Wagle key to wrapping up legislative session
Lawmakers will have a full plate when they return to Topeka this week to wrap up the legislative session. Resolving these issues will take strong leadership, particularly by Senate President Susan Wagle, R-Wichita, who needs to decide if she is siding with the public and the bipartisan majority of lawmakers or with Gov. Sam Brownback.
A particularly complicated issue will be finalizing a new school finance formula. The Kansas Supreme Court ruled in March that Kansas is inadequately funding K-12 public education, and it gave lawmakers until June 30 to fix it or face possible school closures.
The House K-12 Education Budget Committee has completed but not yet approved a promising new school finance plan. It includes features that are similar to the state’s earlier court-approved finance formula, including per-pupil base aid plus additional funding for at-risk students and other costs.
But getting a majority of lawmakers to agree on a formula could be difficult, given the diversity of school districts in Kansas. Then they also need to agree on the funding level.
The House committee plan would increase state funding by $150 million per year over the next five years ($750 million total). That total would likely need to increase, or the phase-in period shortened, to satisfy the court.
Lawmakers need to act quickly to approve a plan so the court has time to review it before the June 30 deadline – so they need to avoid unproductive fights.
The other major issue – huge, as President Trump might say – is how to balance the budget.
The state is facing a budget shortfall over the next two fiscal years of about $900 million, not counting the increase in school funding. Plugging this shortfall will require both spending cuts and tax increases.

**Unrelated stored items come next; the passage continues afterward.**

(* There is no correct translation from SYNCSIMPLE into $\mathrm{LOCKSIMPLE}_{1,IS}$, for either initial store $IS = (\Box)$ or $IS = (\blacksquare)$.
   Context: SYNCSIMPLE: subprocesses $\mathcal{U} ::= \checkmark \mid 0 \mid\ !\mathcal{U} \mid\ ?\mathcal{U}$; processes are finite parallel compositions $\mathcal{U}_1 \mid \cdots \mid \mathcal{U}_n$ (parallel composition is associative, commutative, with $0$ as identity). The only reduction is $!\mathcal{U}_1 \mid ?\mathcal{U}_2 \mid \mathcal{P} \to \mathcal{U}_1 \mid \mathcal{U}_2 \mid \mathcal{P}$. A process is successful if it has the form $\checkmark \mid \mathcal{P}$. $\mathrm{LOCKSIMPLE}_{k,IS}$ (here $k=1$): subprocesses $\mathcal{U} ::= 0 \mid \checkmark \mid P_i\mathcal{U} \mid T_i\mathcal{U}$ ($1\le i\le k$), processes are parallel compositions of subprocesses. Execution acts on states $(\mathcal{P},\mathcal{C})$ with locks $C_i\in\{\Box \text{ (empty)},\blacksquare \text{ (full)}\}$, starting from the initial store $IS$. Rules: $(P_i\mathcal{U}\mid\mathcal{P},\mathcal{C}[C_i=\Box]) \to (\mathcal{U}\mid\mathcal{P},\mathcal{C}[C_i\mapsto\blacksquare])$ (so $P_i$ blocks on a full lock), and $(T_i\mathcal{U}\mid\mathcal{P},\mathcal{C}) \to (\mathcal{U}\mid\mathcal{P},\mathcal{C}[C_i\mapsto\Box])$ (take never blocks). A state is successful if its process contains a top-level $\checkmark$. In both calculi, a process (state) is may-convergent if some reduction sequence reaches a successful process (state), and must-convergent if every process (state) reachable from it is may-convergent. A translation is a mapping $\tau$ from SYNCSIMPLE-processes to $\mathrm{LOCKSIMPLE}_{k,IS}$-processes; it is compositional if $\tau(0)=0$, $\tau(\checkmark)=\checkmark$, $\tau(\mathcal{P}_1\mid\mathcal{P}_2)=\tau(\mathcal{P}_1)\mid\tau(\mathcal{P}_2)$, $\tau(\mathcal{U})$ contains no parallel operator, and $\tau(!\mathcal{U})=\tau(!)\tau(\mathcal{U})$, $\tau(?\mathcal{U})=\tau(?)\tau(\mathcal{U})$. It is correct if for every SYNCSIMPLE-process $P$: $P$ is may-convergent iff $\tau(P)$ is, and $P$ is must-convergent iff $\tau(P)$ is. The translations considered in this result are compositional. *)

theory Defs
  imports Main "HOL-Library.Multiset"
begin

datatype ssub = SOk | SZero | SSend ssub | SRecv ssub

type_synonym sproc = "ssub multiset"

definition sstep :: "sproc \<Rightarrow> sproc \<Rightarrow> bool" where
  "sstep P P' \<longleftrightarrow> (\<exists>U1 U2 R. P = {#SSend U1, SRecv U2#} + R \<and> P' = {#U1, U2#} + R)"

definition ssuccessful :: "sproc \<Rightarrow> bool" where
  "ssuccessful P \<longleftrightarrow> SOk \<in># P"

definition smay :: "sproc \<Rightarrow> bool" where
  "smay P \<longleftrightarrow> (\<exists>P'. sstep\<^sup>*\<^sup>* P P' \<and> ssuccessful P')"

definition smust :: "sproc \<Rightarrow> bool" where
  "smust P \<longleftrightarrow> (\<forall>P'. sstep\<^sup>*\<^sup>* P P' \<longrightarrow> smay P')"

datatype lsub = LOk | LZero | LPut lsub | LTake lsub

datatype lockval = Empty | Full

type_synonym lstate = "lsub multiset \<times> lockval"

inductive lstep :: "lstate \<Rightarrow> lstate \<Rightarrow> bool" where
  put: "lstep ({#LPut U#} + R, Empty) ({#U#} + R, Full)"
| take: "lstep ({#LTake U#} + R, C) ({#U#} + R, Empty)"

definition lsuccessful :: "lstate \<Rightarrow> bool" where
  "lsuccessful S \<longleftrightarrow> LOk \<in># fst S"

definition lmay :: "lstate \<Rightarrow> bool" where
  "lmay S \<longleftrightarrow> (\<exists>S'. lstep\<^sup>*\<^sup>* S S' \<and> lsuccessful S')"

definition lmust :: "lstate \<Rightarrow> bool" where
  "lmust S \<longleftrightarrow> (\<forall>S'. lstep\<^sup>*\<^sup>* S S' \<longrightarrow> lmay S')"

text \<open>A compositional translation is determined by the images of the two prefixes
  ! and ?, each a (possibly empty) sequence of lock actions P_1 / T_1.\<close>

datatype act = AP | AT

fun prefix :: "act list \<Rightarrow> lsub \<Rightarrow> lsub" where
  "prefix [] u = u"
| "prefix (AP # as) u = LPut (prefix as u)"
| "prefix (AT # as) u = LTake (prefix as u)"

fun trsub :: "act list \<Rightarrow> act list \<Rightarrow> ssub \<Rightarrow> lsub" where
  "trsub ws wr SOk = LOk"
| "trsub ws wr SZero = LZero"
| "trsub ws wr (SSend U) = prefix ws (trsub ws wr U)"
| "trsub ws wr (SRecv U) = prefix wr (trsub ws wr U)"

definition trproc :: "act list \<Rightarrow> act list \<Rightarrow> sproc \<Rightarrow> lsub multiset" where
  "trproc ws wr P = image_mset (trsub ws wr) P"

definition correct_translation :: "lockval \<Rightarrow> act list \<Rightarrow> act list \<Rightarrow> bool" where
  "correct_translation IS ws wr \<longleftrightarrow>
     (\<forall>P. (smay P \<longleftrightarrow> lmay (trproc ws wr P, IS)) \<and>
          (smust P \<longleftrightarrow> lmust (trproc ws wr P, IS)))"

end

theory Submission
  imports Defs
begin

text \<open>
  Under a compositional translation each prefix becomes a fixed sequence of lock actions, which a
  single thread executes deterministically. If the image of \<open>!\<close> (or of \<open>?\<close>) ran to its end from
  the initial store, the translation of \<open>!\<checkmark>\<close> (resp. \<open>?\<checkmark>\<close>), which cannot converge, would reach
  \<open>\<checkmark>\<close>. So both images must get stuck at a put on a full lock. But then the translation of the
  must-convergent process \<open>!\<checkmark> | ?\<checkmark>\<close> can run both threads up to such a put and deadlock, with
  the lock full and no \<open>\<checkmark>\<close> in sight.
\<close>

fun blocks :: "act list \<Rightarrow> lockval \<Rightarrow> bool" where
  "blocks [] c = False"
| "blocks (AP # w) Empty = blocks w Full"
| "blocks (AP # w) Full = True"
| "blocks (AT # w) c = blocks w Empty"

lemma blocks_Full: "blocks w c \<Longrightarrow> blocks w Full"
  by (induction w c rule: blocks.induct) auto

lemma prefix_runs_to_end:
  "\<not> blocks w c \<Longrightarrow> \<exists>c'. lstep\<^sup>*\<^sup>* ({#prefix w u#} + R, c) ({#u#} + R, c')"
proof (induction w c rule: blocks.induct)
  case (2 w)
  then obtain c' where "lstep\<^sup>*\<^sup>* ({#prefix w u#} + R, Full) ({#u#} + R, c')" by auto
  moreover have "lstep ({#prefix (AP # w) u#} + R, Empty) ({#prefix w u#} + R, Full)"
    using lstep.put[of "prefix w u" R] by simp
  ultimately show ?case by (meson converse_rtranclp_into_rtranclp)
next
  case (4 w c)
  then obtain c' where "lstep\<^sup>*\<^sup>* ({#prefix w u#} + R, Empty) ({#u#} + R, c')" by auto
  moreover have "lstep ({#prefix (AT # w) u#} + R, c) ({#prefix w u#} + R, Empty)"
    using lstep.take[of "prefix w u" R c] by simp
  ultimately show ?case by (meson converse_rtranclp_into_rtranclp)
qed auto

lemma lmay_prefix_ok_if_not_blocks: "\<not> blocks w c \<Longrightarrow> lmay ({#prefix w LOk#}, c)"
  using prefix_runs_to_end[of w c LOk "{#}"] unfolding lmay_def lsuccessful_def by fastforce

lemma prefix_runs_to_blocking_put:
  "blocks w c \<Longrightarrow> \<exists>w'. lstep\<^sup>*\<^sup>* ({#prefix w u#} + R, c) ({#LPut (prefix w' u)#} + R, Full)"
proof (induction w c rule: blocks.induct)
  case (2 w)
  then obtain w' where "lstep\<^sup>*\<^sup>* ({#prefix w u#} + R, Full) ({#LPut (prefix w' u)#} + R, Full)"
    by auto
  moreover have "lstep ({#prefix (AP # w) u#} + R, Empty) ({#prefix w u#} + R, Full)"
    using lstep.put[of "prefix w u" R] by simp
  ultimately show ?case by (meson converse_rtranclp_into_rtranclp)
next
  case (3 w)
  have "lstep\<^sup>*\<^sup>* ({#prefix (AP # w) u#} + R, Full) ({#LPut (prefix w u)#} + R, Full)"
    by simp
  then show ?case by blast
next
  case (4 w c)
  then obtain w' where "lstep\<^sup>*\<^sup>* ({#prefix w u#} + R, Empty) ({#LPut (prefix w' u)#} + R, Full)"
    by auto
  moreover have "lstep ({#prefix (AT # w) u#} + R, c) ({#prefix w u#} + R, Empty)"
    using lstep.take[of "prefix w u" R c] by simp
  ultimately show ?case by (meson converse_rtranclp_into_rtranclp)
qed auto

lemma lmay_stuck_iff: "(\<And>S'. \<not> lstep S S') \<Longrightarrow> lmay S \<longleftrightarrow> lsuccessful S"
  unfolding lmay_def by (metis converse_rtranclpE rtranclp.rtrancl_refl)

lemma lstep_Full_puts_stuck:
  assumes "set_mset M \<subseteq> range LPut"
  shows "\<not> lstep (M, Full) S"
proof
  assume "lstep (M, Full) S"
  then show False
  proof cases
    case (take U R)
    then have "LTake U \<in># M"
      by simp
    with assms show False
      by blast
  qed
qed

lemma not_lmay_Full_puts:
  assumes "set_mset M \<subseteq> range LPut"
  shows "\<not> lmay (M, Full)"
proof -
  have "LOk \<notin># M"
    using assms by blast
  then show ?thesis
    by (simp add: lmay_stuck_iff lstep_Full_puts_stuck[OF assms] lsuccessful_def)
qed

lemma blocking_pair_not_lmust:
  assumes "blocks w1 c" and "blocks w2 c"
  shows "\<not> lmust ({#prefix w1 u1, prefix w2 u2#}, c)"
proof -
  obtain a where run1: "lstep\<^sup>*\<^sup>* ({#prefix w1 u1#} + {#prefix w2 u2#}, c)
      ({#LPut (prefix a u1)#} + {#prefix w2 u2#}, Full)"
    using prefix_runs_to_blocking_put[OF assms(1)] by blast
  obtain b where run2: "lstep\<^sup>*\<^sup>* ({#prefix w2 u2#} + {#LPut (prefix a u1)#}, Full)
      ({#LPut (prefix b u2)#} + {#LPut (prefix a u1)#}, Full)"
    using prefix_runs_to_blocking_put[OF blocks_Full[OF assms(2)]] by blast
  have "lstep\<^sup>*\<^sup>* ({#prefix w1 u1, prefix w2 u2#}, c)
      ({#LPut (prefix b u2), LPut (prefix a u1)#}, Full)"
    using rtranclp_trans[OF run1 run2[unfolded add.commute[of "{#prefix w2 u2#}"]]]
    by (simp add: add_mset_commute)
  moreover have "\<not> lmay ({#LPut (prefix b u2), LPut (prefix a u1)#}, Full)"
    by (rule not_lmay_Full_puts) auto
  ultimately show ?thesis
    unfolding lmust_def by blast
qed

lemma smay_stuck_iff: "(\<And>P'. \<not> sstep P P') \<Longrightarrow> smay P \<longleftrightarrow> ssuccessful P"
  unfolding smay_def by (metis converse_rtranclpE rtranclp.rtrancl_refl)

lemma singleton_sstep_stuck: "\<not> sstep {#U#} P"
  unfolding sstep_def by (auto dest: arg_cong[where f = size])

lemma not_smay_singleton: "U \<noteq> SOk \<Longrightarrow> \<not> smay {#U#}"
  by (simp add: smay_stuck_iff singleton_sstep_stuck ssuccessful_def)

lemma sstep_preserves_success: "sstep P P' \<Longrightarrow> ssuccessful P \<Longrightarrow> ssuccessful P'"
  unfolding sstep_def ssuccessful_def by auto

lemma sstep_from_send_recv: "sstep {#SSend U1, SRecv U2#} P' \<Longrightarrow> P' = {#U1, U2#}"
  unfolding sstep_def by (auto simp: add_eq_conv_ex dest: arg_cong[where f = size])

lemma smust_send_recv_ok: "smust {#SSend SOk, SRecv SOk#}"
  unfolding smust_def
proof (intro allI impI)
  fix P'
  assume "sstep\<^sup>*\<^sup>* {#SSend SOk, SRecv SOk#} P'"
  then show "smay P'"
  proof (cases rule: converse_rtranclpE)
    case base
    have "sstep P' {#SOk, SOk#}"
      unfolding sstep_def base[symmetric] by (intro exI[of _ SOk] exI[of _ "{#}"]) simp
    then show ?thesis
      unfolding smay_def ssuccessful_def by (intro exI[of _ "{#SOk, SOk#}"]) auto
  next
    case (step Q)
    then have "sstep\<^sup>*\<^sup>* {#SOk, SOk#} P'"
      using sstep_from_send_recv by blast
    then have "ssuccessful P'"
      by induction (auto simp: ssuccessful_def dest: sstep_preserves_success)
    then show ?thesis
      unfolding smay_def by blast
  qed
qed

theorem theorem3p2:
  fixes IS :: lockval
  shows "\<not> (\<exists>ws wr. correct_translation IS ws wr)"
proof
  assume "\<exists>ws wr. correct_translation IS ws wr"
  then obtain ws wr where correct:
    "\<And>P. smay P \<longleftrightarrow> lmay (trproc ws wr P, IS)"
    "\<And>P. smust P \<longleftrightarrow> lmust (trproc ws wr P, IS)"
    unfolding correct_translation_def by blast
  have "blocks ws IS"
    using correct(1)[of "{#SSend SOk#}"] not_smay_singleton[of "SSend SOk"]
      lmay_prefix_ok_if_not_blocks
    by (auto simp: trproc_def)
  moreover have "blocks wr IS"
    using correct(1)[of "{#SRecv SOk#}"] not_smay_singleton[of "SRecv SOk"]
      lmay_prefix_ok_if_not_blocks
    by (auto simp: trproc_def)
  ultimately have "\<not> lmust (trproc ws wr {#SSend SOk, SRecv SOk#}, IS)"
    using blocking_pair_not_lmust by (simp add: trproc_def)
  with correct(2) smust_send_recv_ok show False
    by blast
qed

end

A large bi-partisan majority of lawmakers approved a bill in February that would reverse some of the earlier tax cuts championed by Gov. Sam Brownback, including the tax exemption on pass-through business income. But Brownback vetoed the bill, and an override attempt fell three votes short in the Senate – with Wagle among those opposing the bill.
A flat-tax bill that Brownback and Wagle supported was overwhelmingly rejected in the Senate last month – and appropriately so, as it would have disproportionately hurt lower-income Kansans and wouldn’t have raised enough revenue.
Polls show that the public wants to roll back earlier tax cuts, and they want more funding for schools. That’s what a majority of lawmakers want, too.
The remaining session will be difficult. But it could go a lot better if Wagle supports the will of the public and her chamber and not Brownback.